Unnamed: 0,YEAR,DEATHS,RATE
0,2005.0,30540.0,540.5
1,2014.0,33508.0,572.0
2,2015.0,36132.0,620.3
3,2016.0,38551.0,652.7
4,2017.0,39673.0,677.6
5,2018.0,39615.0,669.4
6,,0.0,0.0


### Remarks:
* From above we can see a constant incease in the number of deaths due to firearms from 2005 through 2018.
* There is a slight drop from in deaths from 2017 to 2018 by  58 deaths. 

In [118]:
# Investigating the years in our dataset.
Df["YEAR"].unique()

array(['2018.0', '2017.0', '2016.0', '2015.0', '2014.0', '2005.0', 'nan'],
      dtype=object)

In [119]:
# Finding top 10 states with most number of deaths. 
D = Df.groupby('STATE',as_index=None).agg({"DEATHS":"mean","RATE":"mean"})
D.sort_values("DEATHS", ascending= False,ignore_index=True).head(10)

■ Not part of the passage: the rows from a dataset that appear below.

(* Let $n$ be odd and squarefree, with every prime divisor of $n$ at least $7$ and $\Omega(n)\neq 2$. Let $p'$ be a prime divisor of $n$ and $A=L(n;p')$. Then $D_A(n)=\Omega(n)+1$.
   Context: $\mathbb{Z}_n$ is the integers mod $n$, $U(n)$ its unit group. For nonempty $A\subseteq\mathbb{Z}_n\setminus\{0\}$, a sequence $(x_1,\ldots,x_k)$ is an $A$-weighted zero-sum sequence if $\sum a_ix_i=0$ for some $a_i\in A$; $D_A(n)$ is the least $k$ such that every length-$k$ sequence in $\mathbb{Z}_n$ has a nonempty $A$-weighted zero-sum subsequence. $\Omega(n)$ is the number of prime factors with multiplicity. For odd $n=\prod p_i^{r_i}$, a prime $p\mid n$ and $a\in U(n)$, $\left(\frac{a}{p}\right)$ is the Legendre symbol of the image of $a$ in $\mathbb{Z}_p$ and $\left(\frac{a}{n}\right)=\prod\left(\frac{a}{p_i}\right)^{r_i}$ is the Jacobi symbol. For a prime divisor $p'$ of $n$, $L(n;p')=\{a\in U(n): \left(\frac{a}{n}\right)=\left(\frac{a}{p'}\right)\}$. *)

theory Defs
  imports "HOL-Number_Theory.Number_Theory" "HOL-Computational_Algebra.Squarefree"
begin

text \<open>Elements of Z_n are represented by integers in {0..<n}; equality in Z_n is congruence mod n.\<close>

definition Zn :: "nat \<Rightarrow> int set" where
  "Zn n = {0..<int n}"

definition units_mod :: "nat \<Rightarrow> int set" where
  "units_mod n = {a \<in> Zn n. coprime a (int n)}"

definition bigOmega :: "nat \<Rightarrow> nat" where
  "bigOmega n = size (prime_factorization n)"

definition Jacobi :: "int \<Rightarrow> nat \<Rightarrow> int" where
  "Jacobi a n = (\<Prod>p\<in>prime_factors n. Legendre a (int p) ^ multiplicity p n)"

definition Lset :: "nat \<Rightarrow> nat \<Rightarrow> int set" where
  "Lset n p' = {a \<in> units_mod n. Jacobi a n = Legendre a (int p')}"

definition has_A_zero_sum_subseq :: "nat \<Rightarrow> int set \<Rightarrow> nat \<Rightarrow> (nat \<Rightarrow> int) \<Rightarrow> bool" where
  "has_A_zero_sum_subseq n A k x \<longleftrightarrow>
     (\<exists>I a. I \<subseteq> {..<k} \<and> I \<noteq> {} \<and> (\<forall>i\<in>I. a i \<in> A) \<and>
            [(\<Sum>i\<in>I. a i * x i) = 0] (mod int n))"

definition DA :: "int set \<Rightarrow> nat \<Rightarrow> nat" where
  "DA A n = (LEAST k. \<forall>x. (\<forall>i<k. x i \<in> Zn n) \<longrightarrow> has_A_zero_sum_subseq n A k x)"

end

theory Submission
  imports Defs
begin

text \<open>
  Lower bound: in the sequence of cofactors \<open>n div p\<close>, \<open>p\<close> running over the prime factors of \<open>n\<close>,
  the prime belonging to any chosen term divides every other term but not that one (the weights
  are units and \<open>n\<close> is squarefree), so no nonempty weighted subsum vanishes.

  Upper bound: a unit \<open>a\<close> lies in \<open>L(n;p')\<close> iff the Legendre symbols \<open>(a/q)\<close>, \<open>q \<noteq> p'\<close>, multiply
  to \<open>1\<close>. By the Chinese remainder theorem it suffices to find a nonempty index set \<open>I\<close> and signs
  \<open>e p i\<close> with \<open>\<Prod>q\<noteq>p'. e q i = 1\<close> such that, for every \<open>p\<close>, the congruence
  \<open>\<Sum>i\<in>I. w i * x i \<equiv> 0 (mod p)\<close> has a solution with \<open>(w i/p) = e p i\<close>. A Jacobi sum shows that
  for \<open>p \<ge> 7\<close> every pair of signs occurs as \<open>((u/p), ((1-u)/p))\<close>; hence such a solution exists
  for all signs unless exactly one term is nonzero mod \<open>p\<close> (hopeless) or exactly two are (then
  the product of their signs is forced). A counting argument on the \<open>\<Omega>(n) + 1\<close> terms gives an
  \<open>I\<close> avoiding the first case; the sign conditions then form a linear system over \<open>{-1, 1}\<close>
  whose only obstruction is that all primes \<open>q \<noteq> p'\<close> see the same two terms with forced signs
  of the wrong total product, and for \<open>\<Omega>(n) \<noteq> 2\<close> the choice of \<open>I\<close> can avoid that as well.
\<close>

section \<open>Legendre symbols\<close>

lemma Legendre_cong:
  assumes "[a = b] (mod p)"
  shows "Legendre a p = Legendre b p"
proof -
  have "[a = 0] (mod p) \<longleftrightarrow> [b = 0] (mod p)" "QuadRes p a \<longleftrightarrow> QuadRes p b"
    using assms cong_sym cong_trans unfolding QuadRes_def by blast+
  then show ?thesis
    unfolding Legendre_def by simp
qed

lemma Legendre_mod [simp]: "Legendre (a mod p) p = Legendre a p"
  by (rule Legendre_cong) (simp add: cong_def)

lemma Legendre_values: "Legendre a p \<in> {-1, 0, 1}"
  by (simp add: Legendre_def)

lemma Legendre_eq_0_iff: "Legendre a p = 0 \<longleftrightarrow> p dvd a"
  by (auto simp: Legendre_def cong_0_iff)

lemma Legendre_in_pm1: "\<not> p dvd a \<Longrightarrow> Legendre a p \<in> {-1, 1}"
  by (auto simp: Legendre_def cong_0_iff)

lemma Legendre_one [simp]: "1 < p \<Longrightarrow> Legendre 1 p = 1"
  unfolding Legendre_def QuadRes_def by (auto simp: cong_def intro!: exI[of _ 1])

lemma Legendre_mult:
  assumes "prime p" "2 < p"
  shows "Legendre (a * b) (int p) = Legendre a (int p) * Legendre b (int p)"
proof -
  let ?h = "(p - 1) div 2"
  define d where "d = Legendre (a * b) (int p) - Legendre a (int p) * Legendre b (int p)"
  have "[Legendre (a * b) (int p) = a ^ ?h * b ^ ?h] (mod int p)"
    using euler_criterion[OF assms, of "a * b"] by (simp add: power_mult_distrib)
  moreover have "[Legendre a (int p) * Legendre b (int p) = a ^ ?h * b ^ ?h] (mod int p)"
    using euler_criterion[OF assms, of a] euler_criterion[OF assms, of b] by (rule cong_mult)
  ultimately have "int p dvd d"
    unfolding d_def cong_iff_dvd_diff[symmetric] using cong_sym cong_trans by blast
  moreover have "\<bar>d\<bar> < int p"
    using Legendre_values[of "a * b" "int p"] Legendre_values[of a "int p"]
      Legendre_values[of b "int p"] assms(2) unfolding d_def by auto
  ultimately have "d = 0"
    using dvd_imp_le_int by force
  then show ?thesis
    by (simp add: d_def)
qed

lemma Legendre_mult_square:
  assumes "prime p" "2 < p" "\<not> int p dvd a"
  shows "Legendre (a * a * b) (int p) = Legendre b (int p)"
  using Legendre_in_pm1[OF assms(3)] by (auto simp: Legendre_mult[OF assms(1,2)])

lemma Legendre_inverse:
  assumes "prime p" "2 < p" "[a * b = 1] (mod int p)"
  shows "Legendre a (int p) = Legendre b (int p)"
proof -
  have "Legendre a (int p) * Legendre b (int p) = 1"
    using Legendre_cong[OF assms(3)] assms by (simp add: Legendre_mult)
  then show ?thesis
    using Legendre_values[of a "int p"] Legendre_values[of b "int p"] by auto
qed

lemma exists_Legendre_eq_minus_one:
  assumes "prime p" "2 < p"
  obtains g where "Legendre g (int p) = -1"
proof -
  obtain g where g: "residue_primroot p g"
    using prime_primitive_root_exists assms(1) prime_gt_1_nat by blast
  then have ord: "ord p g = p - 1" and "coprime p g"
    using assms(1) by (auto simp: residue_primroot_def totient_prime)
  have "Legendre (int g) (int p) \<noteq> 1"
  proof
    assume "Legendre (int g) (int p) = 1"
    then have "[int (g ^ ((p - 1) div 2)) = int 1] (mod int p)"
      using euler_criterion[OF assms, of "int g"] cong_sym by simp
    then have "[g ^ ((p - 1) div 2) = 1] (mod p)"
      using cong_int_iff by blast
    then have "p - 1 dvd (p - 1) div 2"
      using ord ord_divides by metis
    then show False
      using assms(2) by (auto dest: dvd_imp_le)
  qed
  moreover have "\<not> p dvd g"
    using \<open>coprime p g\<close> assms(1) coprime_absorb_left not_prime_unit by blast
  ultimately show ?thesis
    using that Legendre_in_pm1[of "int p" "int g"] by auto
qed

lemma exists_Legendre_eq:
  assumes "prime p" "2 < p" "e \<in> {-1, 1}"
  shows "\<exists>a. Legendre a (int p) = e"
proof (cases "e = 1")
  case True
  then show ?thesis
    using Legendre_one[of "int p"] assms(2) by (intro exI[of _ 1]) simp
next
  case False
  then show ?thesis
    using assms(3) exists_Legendre_eq_minus_one[OF assms(1,2)] by auto
qed

section \<open>Character sums\<close>

lemma sum_Legendre_residues:
  assumes "prime p" "2 < p"
  shows "(\<Sum>u\<in>{0..<int p}. Legendre u (int p)) = 0"
proof -
  obtain g where g: "Legendre g (int p) = -1"
    using exists_Legendre_eq_minus_one[OF assms] .
  then have "coprime g (int p)"
    using assms(1) Legendre_eq_0_iff[of g "int p"] prime_imp_coprime[of "int p" g]
    by (auto simp: coprime_commute)
  then have bij: "bij_betw (\<lambda>m. g * m mod int p) {1..<int p} {1..<int p}"
    by (rule bij_betw_int_remainders_mult)
  have "(\<Sum>u\<in>{1..<int p}. Legendre u (int p))
      = (\<Sum>u\<in>{1..<int p}. Legendre (g * u mod int p) (int p))"
    using sum.reindex_bij_betw[OF bij, of "\<lambda>u. Legendre u (int p)"] by simp
  also have "\<dots> = - (\<Sum>u\<in>{1..<int p}. Legendre u (int p))"
    by (simp add: Legendre_mult[OF assms] g sum_negf)
  finally have "(\<Sum>u\<in>{1..<int p}. Legendre u (int p)) = 0"
    by simp
  moreover have "{0..<int p} = insert 0 {1..<int p}"
    using assms(2) by auto
  ultimately show ?thesis
    by (simp add: Legendre_def)
qed

lemma sum_Legendre_reflect:
  assumes "prime p" "2 < p"
  shows "(\<Sum>u\<in>{0..<int p}. Legendre (c - u) (int p)) = 0"
proof -
  let ?r = "\<lambda>u. (c - u) mod int p"
  have "(\<Sum>u\<in>{0..<int p}. Legendre (c - u) (int p)) = (\<Sum>u\<in>{0..<int p}. Legendre (?r u) (int p))"
    by simp
  also have "\<dots> = (\<Sum>u\<in>{0..<int p}. Legendre u (int p))"
    by (rule sum.reindex_bij_witness[of _ ?r ?r]) (auto simp: mod_diff_right_eq)
  finally show ?thesis
    using sum_Legendre_residues[OF assms] by simp
qed

lemma modular_inverse_prime:
  assumes "prime p" "u \<in> {1..<int p}"
  shows "modular_inverse (int p) u \<in> {1..<int p}"
    and "modular_inverse (int p) (modular_inverse (int p) u) = u"
    and "[u * modular_inverse (int p) u = 1] (mod int p)"
proof -
  have cop: "coprime u (int p)"
    using assms prime_imp_coprime[of "int p" u] zdvd_not_zless[of u "int p"]
    by (auto simp: coprime_commute)
  then show "[u * modular_inverse (int p) u = 1] (mod int p)"
    by (rule cong_modular_inverse1)
  show "modular_inverse (int p) u \<in> {1..<int p}"
    using coprime_modular_inverse[OF cop] modular_inverse_int_nonneg[of "int p" u]
      modular_inverse_int_less[of "int p" u] prime_gt_1_nat[OF assms(1)]
    by (cases "modular_inverse (int p) u = 0") auto
  show "modular_inverse (int p) (modular_inverse (int p) u) = u"
    using assms(2) cong_modular_inverse2[OF cop] by (intro modular_inverse_int_eqI) auto
qed

text \<open>For \<open>u \<noteq> 0\<close>, \<open>u (1 - u) \<equiv> u\<^sup>2 (u\<^sup>-\<^sup>1 - 1)\<close>, and inversion permutes the nonzero residues.\<close>

lemma sum_Legendre_mult_one_minus:
  assumes "prime p" "2 < p"
  shows "(\<Sum>u\<in>{0..<int p}. Legendre u (int p) * Legendre (1 - u) (int p)) = - Legendre (-1) (int p)"
proof -
  let ?P = "int p"
  let ?inv = "modular_inverse ?P"
  have summand: "Legendre u ?P * Legendre (1 - u) ?P = Legendre (?inv u - 1) ?P" if "u \<in> {1..<?P}" for u
  proof -
    have "[u * (u * ?inv u) - u * u = u * 1 - u * u] (mod ?P)"
      using modular_inverse_prime(3)[OF assms(1) that] by (intro cong_diff cong_mult cong_refl)
    then have "[u * (1 - u) = u * u * (?inv u - 1)] (mod ?P)"
      by (simp add: algebra_simps cong_sym_eq)
    then have "Legendre (u * (1 - u)) ?P = Legendre (u * u * (?inv u - 1)) ?P"
      by (rule Legendre_cong)
    also have "\<dots> = Legendre (?inv u - 1) ?P"
      using that zdvd_not_zless[of u ?P] by (intro Legendre_mult_square[OF assms]) auto
    finally show ?thesis
      by (simp add: Legendre_mult[OF assms])
  qed
  have "{0..<?P} = insert 0 {1..<?P}"
    using assms(2) by auto
  then have "(\<Sum>u\<in>{0..<?P}. Legendre u ?P * Legendre (1 - u) ?P)
      = (\<Sum>u\<in>{1..<?P}. Legendre (?inv u - 1) ?P)"
    using summand Legendre_eq_0_iff[of 0 ?P] by simp
  also have "\<dots> = (\<Sum>v\<in>{1..<?P}. Legendre (v - 1) ?P)"
    by (rule sum.reindex_bij_witness[of _ ?inv ?inv])
      (simp_all add: modular_inverse_prime(1,2)[OF assms(1), simplified])
  also have "\<dots> = (\<Sum>t\<in>{0..<?P - 1}. Legendre t ?P)"
    by (rule sum.reindex_bij_witness[of _ "\<lambda>t. t + 1" "\<lambda>v. v - 1"]) auto
  also have "\<dots> = (\<Sum>t\<in>{0..<?P}. Legendre t ?P) - Legendre (?P - 1) ?P"
  proof -
    have "{0..<?P} = insert (?P - 1) {0..<?P - 1}"
      using assms(2) by auto
    then show ?thesis
      by simp
  qed
  also have "Legendre (?P - 1) ?P = Legendre (-1) ?P"
    by (rule Legendre_cong) (simp add: cong_def)
  finally show ?thesis
    using sum_Legendre_residues[OF assms] by simp
qed
theorem hahn_banach: "\<exists>L. linear_on S L \<and> (\<forall>f\<in>S. L f \<le> p f)"
proof -
  obtain m where m: "m \<in> sublinear_minorants"
    and minimal: "\<forall>q\<in>sublinear_minorants. (\<forall>f\<in>S. q f \<le> m f) \<longrightarrow> (\<forall>f\<in>S. q f = m f)"
    using minimal_sublinear_minorant_exists by blast
  have m_sub: "sublinear_on S m" and m_le: "\<forall>f\<in>S. m f \<le> p f"
    using m unfolding sublinear_minorants_def by auto
  note uminus = minimal_sublinear_minorant_uminus[OF m minimal]
  have "m (\<lambda>x. f x + g x) = m f + m g" if "f \<in> S" "g \<in> S" for f g
  proof -
    have "m (\<lambda>x. - f x + - g x) \<le> m (\<lambda>x. - f x) + m (\<lambda>x. - g x)"
      using sublinear_on_add[OF m_sub uminus_mem[OF that(1)] uminus_mem[OF that(2)]] .
    then show ?thesis
      using uminus[OF add_mem[OF that]] uminus that sublinear_on_add[OF m_sub that] by simp
  qed
  moreover have "m (\<lambda>x. a * f x) = a * m f" if "f \<in> S" for f a
  proof (cases "0 \<le> a")
    case False
    have "m (\<lambda>x. a * f x) = m (\<lambda>x. - ((- a) * f x))" by simp
    also have "\<dots> = - ((- a) * m f)"
      using uminus[OF scale_mem[OF that]] sublinear_on_scale[OF m_sub that, of "- a"] False by simp
    finally show ?thesis by simp
  qed (use sublinear_on_scale[OF m_sub that] in simp)
  ultimately show ?thesis
    using m_le unfolding linear_on_def by blast
qed

end

section \<open>Representation of positive functionals on bounded continuous functions\<close>

definition bfun :: "('z \<Rightarrow> real) set" where
  "bfun = {f. \<exists>B. \<forall>x. \<bar>f x\<bar> \<le> B}"

lemma bfunI: "(\<And>x. \<bar>f x\<bar> \<le> B) \<Longrightarrow> f \<in> bfun"
  unfolding bfun_def by blast

lemma Cb_imp_bfun: "f \<in> Cb \<Longrightarrow> f \<in> bfun"
  by (metis Cb_bound bfunI)

lemma indicator_bfun: "indicator A \<in> bfun"
  by (rule bfunI[where B = 1]) (simp add: indicator_def)

interpretation bfun: function_space bfun
proof
  show "(\<lambda>x. 0) \<in> bfun" by (rule bfunI[where B = 0]) simp
  show "(\<lambda>x. f x + g x) \<in> bfun" if f: "f \<in> bfun" and g: "g \<in> bfun" for f g :: "'z \<Rightarrow> real"
  proof -
    obtain A B where "\<And>x. \<bar>f x\<bar> \<le> A" "\<And>x. \<bar>g x\<bar> \<le> B"
      using f g unfolding bfun_def by blast
    then show ?thesis
      by (intro bfunI[where B = "A + B"]) (meson abs_triangle_ineq add_mono order_trans)
  qed
  show "(\<lambda>x. a * f x) \<in> bfun" if f: "f \<in> bfun" for f :: "'z \<Rightarrow> real" and a
  proof -
    obtain B where "\<And>x. \<bar>f x\<bar> \<le> B"
      using f unfolding bfun_def by blast
    then show ?thesis
      by (intro bfunI[where B = "\<bar>a\<bar> * B"]) (simp add: abs_mult mult_left_mono)
  qed
qed

lemma simple_fun_bfun: "simple_fun s \<in> bfun"
proof (induction s)
  case Nil
  then show ?case using bfun.zero_mem by (simp add: simple_fun_def)
next
  case (Cons p s)
  then show ?case
    using bfun.add_mem[OF bfun.scale_mem[OF indicator_bfun]] by (simp add: simple_fun_def)
qed

interpretation Cb: function_space Cb
  by standard (simp_all add: Cb_add Cb_scale)

locale positive_functional =
  fixes L :: "('z::topological_space \<Rightarrow> real) \<Rightarrow> real"
  assumes L_linear: "linear_on Cb L"
    and L_nonneg: "f \<in> Cb \<Longrightarrow> (\<And>x. 0 \<le> f x) \<Longrightarrow> 0 \<le> L f"
    and L_one: "L (\<lambda>x. 1) = 1"
begin

lemma L_const: "L (\<lambda>x. c) = c"
  using linear_on_scale[OF L_linear Cb_const[of 1], of c] L_one by simp

lemma L_add: "f \<in> Cb \<Longrightarrow> g \<in> Cb \<Longrightarrow> L (\<lambda>x. f x + g x) = L f + L g"
  and L_scale: "f \<in> Cb \<Longrightarrow> L (\<lambda>x. a * f x) = a * L f"
  using L_linear by (simp_all add: linear_on_add linear_on_scale)

lemma L_diff: "f \<in> Cb \<Longrightarrow> g \<in> Cb \<Longrightarrow> L (\<lambda>x. f x - g x) = L f - L g"
  using L_add[OF _ Cb_minus, of f g] Cb.linear_on_uminus[OF L_linear, of g] by simp

lemma L_mono: "f \<in> Cb \<Longrightarrow> g \<in> Cb \<Longrightarrow> (\<And>x. f x \<le> g x) \<Longrightarrow> L f \<le> L g"
  using L_nonneg[OF Cb_diff, of g f] L_diff[of g f] by simp

definition outer_mass :: "'z set \<Rightarrow> real" where
  "outer_mass Z = Inf (L ` {g \<in> Cb. \<forall>x. indicator Z x \<le> g x})"

lemma outer_mass_bdd_below: "bdd_below (L ` {g \<in> Cb. \<forall>x. indicator Z x \<le> g x})"
  unfolding bdd_below_def
  by (rule exI[where x = 0]) (auto intro!: L_nonneg intro: order_trans[OF indicator_pos_le])

lemma outer_mass_le: "g \<in> Cb \<Longrightarrow> (\<And>x. indicator Z x \<le> g x) \<Longrightarrow> outer_mass Z \<le> L g"
  unfolding outer_mass_def using outer_mass_bdd_below by (intro cInf_lower) auto

lemma outer_mass_less:
  assumes "outer_mass Z < y"
  obtains g where "g \<in> Cb" "\<And>x. indicator Z x \<le> g x" "L g < y"
proof -
  have "L (\<lambda>x. 1) \<in> L ` {g \<in> Cb. \<forall>x. indicator Z x \<le> g x}"
    by (intro imageI) (simp add: indicator_def)
  then have "L ` {g \<in> Cb. \<forall>x. indicator Z x \<le> g x} \<noteq> {}"
    by blast
  then show ?thesis
    using assms that cInf_less_iff[OF _ outer_mass_bdd_below] unfolding outer_mass_def
    by blast
qed

definition pos_zero_set_list :: "(real \<times> 'z set) list \<Rightarrow> bool" where
  "pos_zero_set_list ts \<longleftrightarrow> (\<forall>p\<in>set ts. 0 \<le> fst p \<and> snd p \<in> zero_sets)"

lemma pos_zero_set_list_simps [simp]:
  "pos_zero_set_list []"
  "pos_zero_set_list (p # ts) \<longleftrightarrow> 0 \<le> fst p \<and> snd p \<in> zero_sets \<and> pos_zero_set_list ts"
  "pos_zero_set_list (ts @ ts') \<longleftrightarrow> pos_zero_set_list ts \<and> pos_zero_set_list ts'"
  by (auto simp: pos_zero_set_list_def)

lemma pos_zero_set_list_scale:
  "0 \<le> a \<Longrightarrow> pos_zero_set_list ts \<Longrightarrow> pos_zero_set_list (map (\<lambda>p. (a * fst p, snd p)) ts)"
  by (auto simp: pos_zero_set_list_def)

lemma zero_sets_diff_simple_fun_le:
  assumes "g \<in> Cb" "pos_zero_set_list ts"
  shows "{x. g x - simple_fun ts x \<le> c} \<in> zero_sets"
  using assms(2)
proof (induction ts arbitrary: c)
  case Nil
  then show ?case using zero_sets_le[OF assms(1)] by simp
next
  case (Cons p ts)
  obtain t Z where p: "p = (t, Z)" by (cases p)
  have "{x. g x - simple_fun (p # ts) x \<le> c}
      = (Z \<inter> {x. g x - simple_fun ts x \<le> c + t}) \<union> {x. g x - simple_fun ts x \<le> c}"
    using Cons.prems by (auto simp: p indicator_def)
  then show ?case
    using Cons p by (simp add: zero_sets_Int zero_sets_Un)
qed

text \<open>A function of \<^term>\<open>Cb\<close> separates \<^term>\<open>Z\<close> from the zero-set where the rest of
  the list nearly exhausts \<^term>\<open>g\<close>; subtracting \<^term>\<open>t\<close> times it from \<^term>\<open>g\<close> removes
  the term of \<^term>\<open>Z\<close> at the price of its outer mass.\<close>
lemma drop_zero_set_term:
  assumes t: "0 \<le> t" and Z: "Z \<in> zero_sets" and ts: "pos_zero_set_list ts" and g: "g \<in> Cb"
    and ge: "\<And>x. t * indicator Z x + simple_fun ts x \<le> g x" and "0 < e"
  obtains g' where "g' \<in> Cb" "\<And>x. simple_fun ts x \<le> g' x" "L g' + t * outer_mass Z \<le> L g + e"
proof -
  define C where "C = {x. g x - simple_fun ts x \<le> t - e}"
  have "C \<in> zero_sets"
    unfolding C_def by (rule zero_sets_diff_simple_fun_le[OF g ts])
  moreover have "Z \<inter> C = {}"
  proof -
    have "x \<notin> C" if "x \<in> Z" for x
      using ge[of x] that \<open>0 < e\<close> by (simp add: C_def)
    then show ?thesis by blast
  qed
  ultimately obtain s where s: "s \<in> Cb" "\<And>x. 0 \<le> s x" "\<And>x. s x \<le> 1"
    "\<And>x. x \<in> Z \<Longrightarrow> s x = 1" "\<And>x. x \<in> C \<Longrightarrow> s x = 0"
    using zero_sets_separation[OF Z] by metis
  define g' where "g' x = g x - t * s x + e" for x
  have "g' \<in> Cb"
    unfolding g'_def using g s(1) by (intro Cb_add Cb_diff Cb_scale Cb_const)
  moreover have "simple_fun ts x \<le> g' x" for x
  proof (cases "x \<in> C")
    case True
    have "0 \<le> t * indicator Z x"
      using t by simp
    then show ?thesis
      using True ge[of x] s(5) \<open>0 < e\<close> by (simp add: g'_def)
  next
    case False
    have "t * s x \<le> t"
      using s(3)[of x] t by (simp add: mult_left_le)
    then show ?thesis
      using False by (simp add: g'_def C_def)
  qed
  moreover have "L g' = L g - t * L s + e"
    unfolding g'_def using L_add[OF Cb_diff[OF g Cb_scale[OF s(1)]] Cb_const]
      L_diff[OF g Cb_scale[OF s(1)]] L_scale[OF s(1)] L_const by simp
  moreover have "t * outer_mass Z \<le> t * L s"
    using t s by (intro mult_left_mono outer_mass_le) (auto simp: indicator_def)
  ultimately show ?thesis
    using that by force
qed

lemma simple_sum_outer_mass_le:
  "pos_zero_set_list ts \<Longrightarrow> g \<in> Cb \<Longrightarrow> (\<And>x. simple_fun ts x \<le> g x)
    \<Longrightarrow> simple_sum outer_mass ts \<le> L g"
proof (induction ts arbitrary: g)
  case Nil
  then show ?case by (auto intro: L_nonneg)
next
  case (Cons p ts)
  obtain t Z where p: "p = (t, Z)" by (cases p)
  have t: "0 \<le> t" and Z: "Z \<in> zero_sets" and ts: "pos_zero_set_list ts"
    using Cons.prems p by auto
  have g: "g \<in> Cb" and ge: "t * indicator Z x + simple_fun ts x \<le> g x" for x
    using Cons.prems(2) Cons.prems(3)[of x] p by auto
  show ?case
  proof (rule field_le_epsilon)
    fix e :: real
    assume "0 < e"
    then obtain g' where "g' \<in> Cb" "\<And>x. simple_fun ts x \<le> g' x"
      and "L g' + t * outer_mass Z \<le> L g + e"
      using drop_zero_set_term[OF t Z ts g ge] by metis
    moreover have "simple_sum outer_mass ts \<le> L g'"
      using Cons.IH[OF ts] calculation by blast
    ultimately show "simple_sum outer_mass (p # ts) \<le> L g + e"
      using p by simp
  qed
qed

Unnamed: 0,STATE,DEATHS,RATE
0,TX,3154.833333,11.7
1,CA,3149.666667,7.983333
2,FL,2522.833333,11.9
3,PA,1512.0,11.616667
4,GA,1462.833333,14.333333
5,OH,1398.666667,11.916667
6,NC,1311.5,12.966667
7,IL,1305.5,10.2
8,MI,1168.5,11.683333
9,TN,1114.833333,16.733333


In [120]:
 # Finding the 10 states that recorded highest death rates.
D = Df.groupby('STATE',as_index=None).agg({"RATE":"mean"})
D.sort_values("RATE", ascending= False,ignore_index=True).head(10)

Unnamed: 0,STATE,RATE
0,AK,21.483333
1,LA,20.383333
2,AL,19.783333
3,MS,19.7
4,MT,18.483333
5,MO,18.05
6,WY,17.816667
7,AR,17.7
8,NM,17.633333
9,OK,16.75


### **Remarks**:
* Although **TX, CA, PA, FL, GA** redocrded the most number of deaths in available data, these values simply do take into consideration the States population.
* Taking into consideration States population, states that recorded most deaths from firearms are: **Ak, LA, AL, MS, MT..** in that oder. This description gives a better respresentation since it take into account the population of the diferent states. **(ratio of deaths per 100,000 population)**.

In [121]:
# Finding 10 states which recorded least number of deaths.
D.sort_values("RATE", ascending= False,ignore_index=True).tail(10)

Unnamed: 0,STATE,RATE
40,NE,8.75
41,IA,8.15
42,CA,7.983333
43,MN,7.433333
44,NJ,5.25
45,CT,5.033333
46,NY,4.316667
47,RI,3.766667
48,MA,3.366667
49,HI,3.216667


### **Remark**:
* States that recoded least number of deaths in ratio to their population are **: HI, MA, RI, NY, CT, NJ, ...** in icreasing order.